Los prejuicios y los estereotipos son la base de actitudes discriminatorias y pueden tener graves consecuencias en la convivencia, hasta convertirse en un absurdo móvil para emplear la violencia y la agresión hacia otros seres humanos.

El estereotipo y el prejuicio, como una predisposición personal, se traducen en comportamientos negativos hacia una persona o grupo de personas. Dichos comportamientos (reales y observables) son llamados discriminación.

La discriminación supone maltratar o limitar posibilidades a personas, por tener características especiales que definen su pertenencia a un grupo. La discriminación refuerza el prejuicio. Asimismo, el prejuicio suele crear y sustentar la discriminación.

Las actitudes negativas hacia otros grupos sociales, tienen múltiples consecuencias en la vida de las personas, tanto de las víctimas como de los victimarios.

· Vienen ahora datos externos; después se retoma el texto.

(* Let $\mathcal P_1,\dots,\mathcal P_n$ be nonempty sets of probability measures on $(\Omega,\mathcal F)$, $\Lambda_i\in\mathcal H_I$, and suppose $\overline{\mathbb Q}_i=\sup_{\mathbb Q\in\mathcal P_i}\mathbb Q$ (setwise supremum) are continuous capacities. Then for every $X\in\mathcal X$, $$\mathop{\square}_{i=1}^n\sup_{\mathbb Q\in\mathcal P_i}\Lambda_i\mathrm{VaR}^{\mathbb Q}(X)=\inf\{x\in\mathbb R:\{X>x\}\in\mathcal A^{\mathbf\Lambda,(\overline{\mathbb Q}_1,\dots,\overline{\mathbb Q}_n)}_x\},$$ and this functional is of the form $\Lambda\mathrm{VaR}^w$ for some $\Lambda\in\mathcal H_I^*$ and capacity $w$. If the infimum on the right is attained at $x^*$, an optimal allocation is $X_i=(X-x^* )\mathds 1_{A_i^*}+y_i^*$ with $\sum_iy_i^*=x^*$, $(A_i^* )\in\Pi_n(\Omega)$ and $\overline{\mathbb Q}_i(\{X>x^*\}\cap A_i^* )\le\Lambda_i(y_i^* )$.
   Context: $\mathcal X$: set of real-valued random variables containing constants and closed under sums, differences and multiplication by indicators. Capacity: monotone $w:\mathcal F\to[0,1]$ with $w(\emptyset)=0$, $w(\Omega)=1$; continuous if $w(A_k)\to0$ whenever $A_k\downarrow\emptyset$. $\Lambda\mathrm{VaR}^w(X)=\inf\{x\in\mathbb R:w(X>x)\le\Lambda(x)\}$. $\mathcal H_I$: increasing functions $\mathbb R\to(0,1)$; $\mathcal H_I^*$: increasing functions $\mathbb R\to(0,1]$. $\mathcal A^{\mathbf\Lambda,\mathbf w}_x=\{\bigcup_iA_i: w_i(A_i)\le\Lambda_i(y_i)\ \forall i\text{ for some }(y_i)\text{ with }\sum_iy_i=x\}$. Inf-convolution $\mathop{\square}_i\rho_i(X)=\inf\{\sum_i\rho_i(X_i):X_i\in\mathcal X,\sum_iX_i=X\}$. $\Pi_n(\Omega)$: measurable partitions of $\Omega$ into $n$ sets. *)

theory Defs
  imports "HOL-Probability.Probability"
begin

definition rv_space :: "'a measure \<Rightarrow> ('a \<Rightarrow> real) set \<Rightarrow> bool" where
  "rv_space M XX \<longleftrightarrow> XX \<subseteq> borel_measurable M
     \<and> (\<forall>c::real. (\<lambda>_. c) \<in> XX)
     \<and> (\<forall>X\<in>XX. \<forall>Y\<in>XX. (\<lambda>\<omega>. X \<omega> + Y \<omega>) \<in> XX \<and> (\<lambda>\<omega>. X \<omega> - Y \<omega>) \<in> XX)
     \<and> (\<forall>X\<in>XX. \<forall>A\<in>sets M. (\<lambda>\<omega>. X \<omega> * indicator A \<omega>) \<in> XX)"

definition capacity :: "'a measure \<Rightarrow> ('a set \<Rightarrow> real) \<Rightarrow> bool" where
  "capacity M w \<longleftrightarrow> (\<forall>A\<in>sets M. 0 \<le> w A \<and> w A \<le> 1)
     \<and> (\<forall>A\<in>sets M. \<forall>B\<in>sets M. A \<subseteq> B \<longrightarrow> w A \<le> w B)
     \<and> w {} = 0 \<and> w (space M) = 1"

definition continuous_capacity :: "'a measure \<Rightarrow> ('a set \<Rightarrow> real) \<Rightarrow> bool" where
  "continuous_capacity M w \<longleftrightarrow> capacity M w
     \<and> (\<forall>A::nat \<Rightarrow> 'a set. (\<forall>k. A k \<in> sets M) \<longrightarrow> decseq A \<longrightarrow> (\<Inter>k. A k) = {}
            \<longrightarrow> (\<lambda>k. w (A k)) \<longlonglongrightarrow> 0)"

definition HI :: "(real \<Rightarrow> real) \<Rightarrow> bool" where
  "HI L \<longleftrightarrow> mono L \<and> (\<forall>x. 0 < L x \<and> L x < 1)"

definition HI_star :: "(real \<Rightarrow> real) \<Rightarrow> bool" where
  "HI_star L \<longleftrightarrow> mono L \<and> (\<forall>x. 0 < L x \<and> L x \<le> 1)"

definition LVaR :: "'a measure \<Rightarrow> (real \<Rightarrow> real) \<Rightarrow> ('a set \<Rightarrow> real) \<Rightarrow> ('a \<Rightarrow> real) \<Rightarrow> ereal" where
  "LVaR M L w X = Inf {ereal x | x. w {\<omega>\<in>space M. X \<omega> > x} \<le> L x}"

definition upper_prob :: "'a measure set \<Rightarrow> 'a set \<Rightarrow> real" where
  "upper_prob P A = (SUP Q\<in>P. measure Q A)"

definition inf_conv :: "'a measure \<Rightarrow> ('a \<Rightarrow> real) set \<Rightarrow> nat \<Rightarrow> (nat \<Rightarrow> ('a \<Rightarrow> real) \<Rightarrow> ereal)
    \<Rightarrow> ('a \<Rightarrow> real) \<Rightarrow> ereal" where
  "inf_conv M XX n \<rho> X = Inf {(\<Sum>i<n. \<rho> i (Xs i)) | Xs.
      (\<forall>i<n. Xs i \<in> XX) \<and> (\<forall>\<omega>\<in>space M. (\<Sum>i<n. Xs i \<omega>) = X \<omega>)}"

definition A_set :: "'a measure \<Rightarrow> nat \<Rightarrow> (nat \<Rightarrow> real \<Rightarrow> real) \<Rightarrow> (nat \<Rightarrow> 'a set \<Rightarrow> real)
    \<Rightarrow> real \<Rightarrow> 'a set set" where
  "A_set M n L w x = {(\<Union>i<n. A i) | A. (\<forall>i<n. A i \<in> sets M) \<and>
      (\<exists>y::nat \<Rightarrow> real. (\<Sum>i<n. y i) = x \<and> (\<forall>i<n. w i (A i) \<le> L i (y i)))}"

definition partition_n :: "'a measure \<Rightarrow> nat \<Rightarrow> (nat \<Rightarrow> 'a set) \<Rightarrow> bool" where
  "partition_n M n A \<longleftrightarrow> (\<forall>i<n. A i \<in> sets M)
     \<and> (\<forall>i<n. \<forall>j<n. i \<noteq> j \<longrightarrow> A i \<inter> A j = {}) \<and> (\<Union>i<n. A i) = space M"

end

theory Submission
  imports Defs
begin

text \<open>
  If \<open>X = \<Sum>\<^sub>i X\<^sub>i\<close> and
  \<open>\<Lambda>\<^sub>iVaR(X\<^sub>i) < c\<^sub>i\<close>, then \<open>w\<^sub>i{X\<^sub>i > c\<^sub>i} \<le> \<Lambda>\<^sub>i(c\<^sub>i)\<close>, and \<open>{X > \<Sum>\<^sub>i c\<^sub>i}\<close> is covered
  by the sets \<open>{X\<^sub>i > c\<^sub>i}\<close>, so it lies in \<open>\<A>\<^sub>x\<close> for \<open>x = \<Sum>\<^sub>i c\<^sub>i\<close>. Conversely, a cover of
  \<open>{X > x}\<close> witnessing membership in \<open>\<A>\<^sub>x\<close> refines to a partition \<open>(A\<^sub>i)\<close>, and the allocation
  \<open>X\<^sub>i = (X - x) \<cdot> indicator A\<^sub>i + y\<^sub>i\<close> has \<open>{X\<^sub>i > y\<^sub>i} = {X > x} \<inter> A\<^sub>i\<close>, hence \<open>\<Lambda>\<^sub>iVaR(X\<^sub>i) \<le> y\<^sub>i\<close>.
  The robust \<open>\<Lambda>\<^sub>i\<close>-VaR over \<open>\<P>\<^sub>i\<close> is the \<open>\<Lambda>\<^sub>i\<close>-VaR of the upper probability, which reduces
  everything to capacities.

  The family \<open>\<A>\<^sub>x\<close> increases with \<open>x\<close>, is closed under measurable subsets and contains \<open>\<emptyset>\<close>.
  Every such family defines a \<open>\<Lambda>\<close>-VaR: squashing the level \<open>t(A) = inf {x. A \<in> \<A>\<^sub>x}\<close> into
  \<open>[0, 1]\<close> gives a capacity \<open>w\<close> and a profile \<open>\<Lambda>\<close> with \<open>w(A) \<le> \<Lambda>(x)\<close> iff \<open>t(A) \<le> x\<close>.
\<close>

section \<open>Extended-real sums\<close>

lemma ereal_add_less_split:
  fixes x y :: ereal
  assumes "x + y < ereal b" "x < \<infinity>" "y < \<infinity>"
  obtains b1 b2 where "x < ereal b1" "y < ereal b2" "b1 + b2 \<le> b"
proof (cases x; cases y)
  fix a d assume "x = ereal a" "y = ereal d"
  with assms show thesis
    by (intro that[of "a + (b - a - d) / 2" "d + (b - a - d) / 2"]) auto
next
  fix a assume "x = ereal a" "y = -\<infinity>"
  then show thesis by (intro that[of "a + 1" "b - a - 1"]) auto
next
  fix d assume "x = -\<infinity>" "y = ereal d"
  then show thesis by (intro that[of "b - d - 1" "d + 1"]) auto
next
  assume "x = -\<infinity>" "y = -\<infinity>"
  then show thesis by (intro that[of b 0]) auto
qed (use assms in auto)

lemma ereal_sum_less_split:
  fixes r :: "'i \<Rightarrow> ereal"
  assumes "finite I" "\<forall>i\<in>I. r i < \<infinity>" "sum r I < ereal b"
  shows "\<exists>c. (\<forall>i\<in>I. r i < ereal (c i)) \<and> (\<Sum>i\<in>I. c i) < b"
  using assms
proof (induction I arbitrary: b rule: finite_induct)
  case empty
  then show ?case by (simp add: zero_ereal_def)
next
  case (insert j I)
  have "sum r I < \<infinity>"
    using insert by (simp add: sum_Pinfty less_top)
  moreover have "r j + sum r I < ereal b"
    using insert by simp
  ultimately obtain b1 b2 where b: "r j < ereal b1" "sum r I < ereal b2" "b1 + b2 \<le> b"
    using ereal_add_less_split insert.prems(1) by (metis insertI1)
  obtain c where c: "\<forall>i\<in>I. r i < ereal (c i)" "(\<Sum>i\<in>I. c i) < b2"
    using insert.IH[OF _ b(2)] insert.prems(1) by blast
  have "(\<Sum>i\<in>I. (c(j := b1)) i) = (\<Sum>i\<in>I. c i)"
    using insert.hyps(2) by (intro sum.cong) auto
  then have "(\<Sum>i\<in>insert j I. (c(j := b1)) i) < b"
    using insert.hyps b(3) c(2) by simp
  moreover have "\<forall>i\<in>insert j I. r i < ereal ((c(j := b1)) i)"
    using b(1) c(1) insert.hyps(2) by auto
  ultimately show ?case by blast
qed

Para las personas discriminadas, las actitudes de este tipo generan exclusión y aumentan las brechas sociales de los grupos humanos. Las personas discriminadas, por ejemplo, suelen tener menos acceso a servicios sociales, oportunidades educativas o de promoción profesional.

Desde el punto de vista moral, son una injusticia hacia las personas y grupos víctimas del prejuicio pues se basan, como sabemos, en conocimientos insuficientes sobre lo que es real y verdadero.

Todo ello tiene como consecuencia una limitación en las relaciones sociales, crean una cerrazón hacia determinados conocimientos de las características de los grupos discriminados, generan actitudes de rechazo hacia las personas que integran dichos grupos. Los prejuicios pueden incluso llegar a generar violencia hacia a las personas pertenecientes a un grupo y, a su vez, encuentros violentos entre grupos.

Las personas con menos prejuicios tienen más facilidad para relacionarse con personas distintas y tener vínculos “más sanos” con los demás, ya que esto permite tener buenas relaciones, independientemente de quienes sean, favoreciendo un disfrute mayor de las diferencias en términos de creencias y valores, incluso en relación a temas difíciles como la religión o la política.

Aparte de la discriminación, existen otras acciones que pueden tener consecuencias graves en nuestra vida cotidiana, como lo son:

  • La evitación: evitar al grupo o a la persona, no hablarle, no querer verlo/a.
  • El abuso verbal o insulto: hablar negativamente del grupo o la persona que identificamos con el grupo.
  • El empleo de la violencia.
  • El acoso: anular la personalidad de una persona mediante el insulto y la violencia de grupo.
  • El asesinato o el genocidio: la destrucción física de una persona o grupo humano.

Como podrás ver, todas las personas estamos expuestas a experimentar la discriminación e, incluso, a formar parte de este proceso. Por ello es importante que no permitamos que nuestros prejuicios o estereotipos puedan afectar los derechos de las personas.